Tesseract does not pick up text of different colors
I’m trying to make a program that will scrape the text from the screenshot using tesseract and python, and I can get some of it without problems, but some of the text is lighter in color and won’t be picked up by tesseract. Here’s an example of the picture I’m using:
I want to get the text at the top of the image, but not the 3 options below.
This is the code I used to grab the text
result = pytesseract.image_to_string(
screen, config="load_system_dawg=0 load_freq_dawg=0")
print("below is the total value scraped by the tesseract")
print(result)
# Split up newlines until we have our question and answers
parts = result.split("\n\n")
question = parts.pop(0).replace("\n", " ")
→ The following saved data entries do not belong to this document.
(* Let $(\mathbb{X},\oplus,\otimes,\mathbb{0},\mathbb{1})$ be a linearly ordered, algebraically complete idempotent semifield, let $\bm{A}_1,\ldots,\bm{A}_m\in\mathbb{X}^{n\times n}$ be matrices and $w_1,\ldots,w_m\in\mathbb{X}$ scalars such that $\bm{B}=w_{1}(\bm{A}_{1}\oplus\bm{A}_{1}^{-})\oplus\cdots\oplus w_{m}(\bm{A}_{m}\oplus\bm{A}_{m}^{-})$ has no zero entries. Let $\mu$ be the spectral radius of $\bm{B}$ and $\bm{B}_{\mu}=\mu^{-1}\bm{B}$. Consider the problem of minimizing $\max_{1\le i\le m} w_i\, d(\bm{A}_i,\bm{x}\bm{x}^{-})$ (i.e. $\bigoplus_{i=1}^m w_i d(\bm{A}_i,\bm{x}\bm{x}^{-})$) over all regular vectors $\bm{x}\in\mathbb{X}^n$. Then the minimum value equals $\mu$, and the set of all solutions is $\{\bm{x}=\bm{B}_{\mu}^{\ast}\bm{u}:\bm{u}\in\mathbb{X}^n,\ \bm{u}\ne\bm{0}\}$.
   Context: An idempotent semifield is a set $\mathbb{X}$ with associative, commutative operations $\oplus$ (addition) and $\otimes$ (multiplication, usually omitted in writing) with neutral elements $\mathbb{0}$ and $\mathbb{1}$, multiplication distributing over addition, idempotent addition ($x\oplus x=x$), and every nonzero $x$ having an inverse $x^{-1}$ with $xx^{-1}=\mathbb{1}$. It is assumed linearly ordered by the order $x\le y \iff x\oplus y=y$, and algebraically complete: $x^p=a$ is solvable for every $a$ and integer $p>0$, so rational powers are defined. Matrix and vector operations (including scalar multiplication) use the usual formulas with $\oplus,\otimes$ in place of $+,\times$; $\bm{0}$ is the zero vector; a vector is regular if it has no zero entries. For a nonzero column vector $\bm{x}=(x_i)$, $\bm{x}^{-}$ is the row vector with entries $x_i^{-1}$ if $x_i\ne\mathbb{0}$ and $\mathbb{0}$ otherwise. For a nonzero matrix $\bm{A}=(a_{ij})$, $\bm{A}^{-}=(a^{-}_{ij})$ with $a^{-}_{ij}=a_{ji}^{-1}$ if $a_{ji}\neq\mathbb{0}$ and $\mathbb{0}$ otherwise. The trace is $\mathrm{tr}\,\bm{A}=a_{11}\oplus\cdots\oplus a_{nn}$. The distance between square matrices is $d(\bm{A},\bm{B})=\mathrm{tr}(\bm{B}^{-}\bm{A})\oplus\mathrm{tr}(\bm{A}^{-}\bm{B})$. $\bm{I}$ is the identity matrix, $\bm{A}^0=\bm{I}$, $\bm{A}^p=\bm{A}^{p-1}\bm{A}$. The spectral radius of $\bm{A}$ of order $n$ is $\lambda=\bigoplus_{k=1}^{n}\bigoplus_{1\le i_1,\ldots,i_k\le n}(a_{i_1i_2}a_{i_2i_3}\cdots a_{i_ki_1})^{1/k}$. For a square matrix $\bm{M}$ of order $n$, $\bm{M}^{\ast}=\bm{I}\oplus\bm{M}\oplus\cdots\oplus\bm{M}^{n-1}$. *)

theory Defs
  imports Main "HOL-Library.FuncSet"
begin

text \<open>Linearly ordered, algebraically complete idempotent semifield.
  Addition \<oplus> is rendered by +, multiplication \<otimes> by *, \<zero> by 0, \<one> by 1.\<close>

class idem_semifield = comm_semiring_1 + inverse + linorder +
  assumes add_idem: "x + x = x"
    and less_eq_add: "x \<le> y \<longleftrightarrow> x + y = y"
    and right_inverse_sf: "x \<noteq> 0 \<Longrightarrow> x * inverse x = 1"
    and alg_complete: "0 < p \<Longrightarrow> \<exists>x. x ^ p = a"
(* Let $\Delta_+=\{\delta-\gamma:\gamma\in\Sigma^+_{\beta,0}\cap\Sigma_{\delta,1}\}$ and $\Delta_-=\{\delta+\gamma:\gamma\in\Sigma^+_{\beta,0}\cap\Sigma_{\delta,-1}\}$. Then $\Sigma_{\beta,1}\cap\Sigma_{\delta,1}=\Delta_+\sqcup\Delta_-$, $\Sigma_{\beta,1}\cap\Sigma_{\delta,0}=\{\beta-\gamma:\gamma\in\Sigma_{\beta,1}\cap\Sigma_{\delta,1}\}$, $\Sigma_{\beta,1}\cap\Sigma_{\delta,2}=\{\delta\}$, and $\Sigma_{\beta,1}\cap\Sigma_{\delta,-1}=\{\beta-\delta\}$.
   Context: Let $\mathfrak g$ be a compact simple Lie algebra not isomorphic to $\mathfrak{sp}(n)$, $\mathfrak a$ a maximal abelian subalgebra, $\Sigma$ the root system of $\mathfrak g^{\mathbb C}$ w.r.t. $\mathfrak a^{\mathbb C}$ with inner product $(\,,\,)$ induced by the Killing form, $\Sigma^+$ a positive system with highest root $\beta$. For $\gamma\in\Sigma$ and $n\in\mathbb Z$ let $\Sigma_{\gamma,n}=\{\alpha\in\Sigma:2(\gamma,\alpha)/(\gamma,\gamma)=n\}$ and $\Sigma^+_{\gamma,n}=\Sigma_{\gamma,n}\cap\Sigma^+$. Fix $\delta\in\Sigma_{\beta,1}$ with $(\delta,\delta)=(\beta,\beta)$. *)

theory Defs
  imports "HOL-Analysis.Analysis"
begin

text \<open>Abstract (finite, crystallographic, reduced) root systems in a Euclidean space.
  The inner product plays the role of the one induced by the Killing form.\<close>

definition cartan_int :: "'a::euclidean_space \<Rightarrow> 'a \<Rightarrow> real" where
  "cartan_int \<gamma> \<alpha> = 2 * (\<gamma> \<bullet> \<alpha>) / (\<gamma> \<bullet> \<gamma>)"
(* Let $\Sigma=\Sigma_p\cup\Sigma_d$ be a finite propositional alphabet partitioned into parameter symbols $\Sigma_p$ and defined symbols $\Sigma_d$. For each $I\in 2^{\Sigma_p}$ let $\pi_I:L^d_p\to 2^{\Sigma_d}$ map $\mathcal{A}$ to $\mathcal{A}^I=\{a\in\Sigma_d\mid \psi_a^I=\mathbf{t}\text{ where }\mathcal{A}(a)=\overline{\psi_a}\}$. Then $L^d_p$ is a parametrisation of $\langle 2^{\Sigma_d},\subseteq\rangle$ through $(\pi_I)_{I\in 2^{\Sigma_p}}$.
   Context: $L_p$ is the set of equivalence classes $\overline\varphi$ (under logical equivalence) of propositional formulas over $\Sigma_p$, ordered by $\overline\varphi\leq\overline\psi$ iff $\varphi\models\psi$; it is a complete lattice. $L^d_p$ is the set of maps $\Sigma_d\to L_p$, ordered pointwise. A complete lattice $L$ is a parametrisation of a complete lattice $K$ through a family $(f_i:L\to K)_{i\in I}$ if each $f_i$ is a surjective lattice morphism (i.e. $f_i(\bigvee X)=\bigvee f_i(X)$ and $f_i(\bigwedge X)=\bigwedge f_i(X)$ for every $X\subseteq L$) and for all $x,y\in L$: $x\leq y$ iff $f_i(x)\leq f_i(y)$ for every $i\in I$. *)

theory Defs
  imports "HOL-Library.FuncSet"
begin

datatype 'a form =
    Atom 'a
  | FFalse
  | FTrue
  | Neg "'a form"
  | Conj "'a form" "'a form"
  | Disj "'a form" "'a form"
  | Impl "'a form" "'a form"

fun atoms :: "'a form \<Rightarrow> 'a set" where
  "atoms (Atom a) = {a}"
| "atoms FFalse = {}"
| "atoms FTrue = {}"
| "atoms (Neg p) = atoms p"
| "atoms (Conj p q) = atoms p \<union> atoms q"
| "atoms (Disj p q) = atoms p \<union> atoms q"
| "atoms (Impl p q) = atoms p \<union> atoms q"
q_terms = question.split(" ")
q_terms = list(filter(lambda t: t not in stop, q_terms))
q_terms = set(q_terms)
parts = "\n".join(parts)
parts = parts.split("\n")
answers = list(filter(lambda p: len(p) > 0, parts))
When I have black plain text without colored background, I can get the answers
array to be filled by the following 3 options, but not in this case. Is there any way to fix this?
Solution
You missed binarization, or thresholding.
In your case, you can simply apply a binary threshold on a grayscale image.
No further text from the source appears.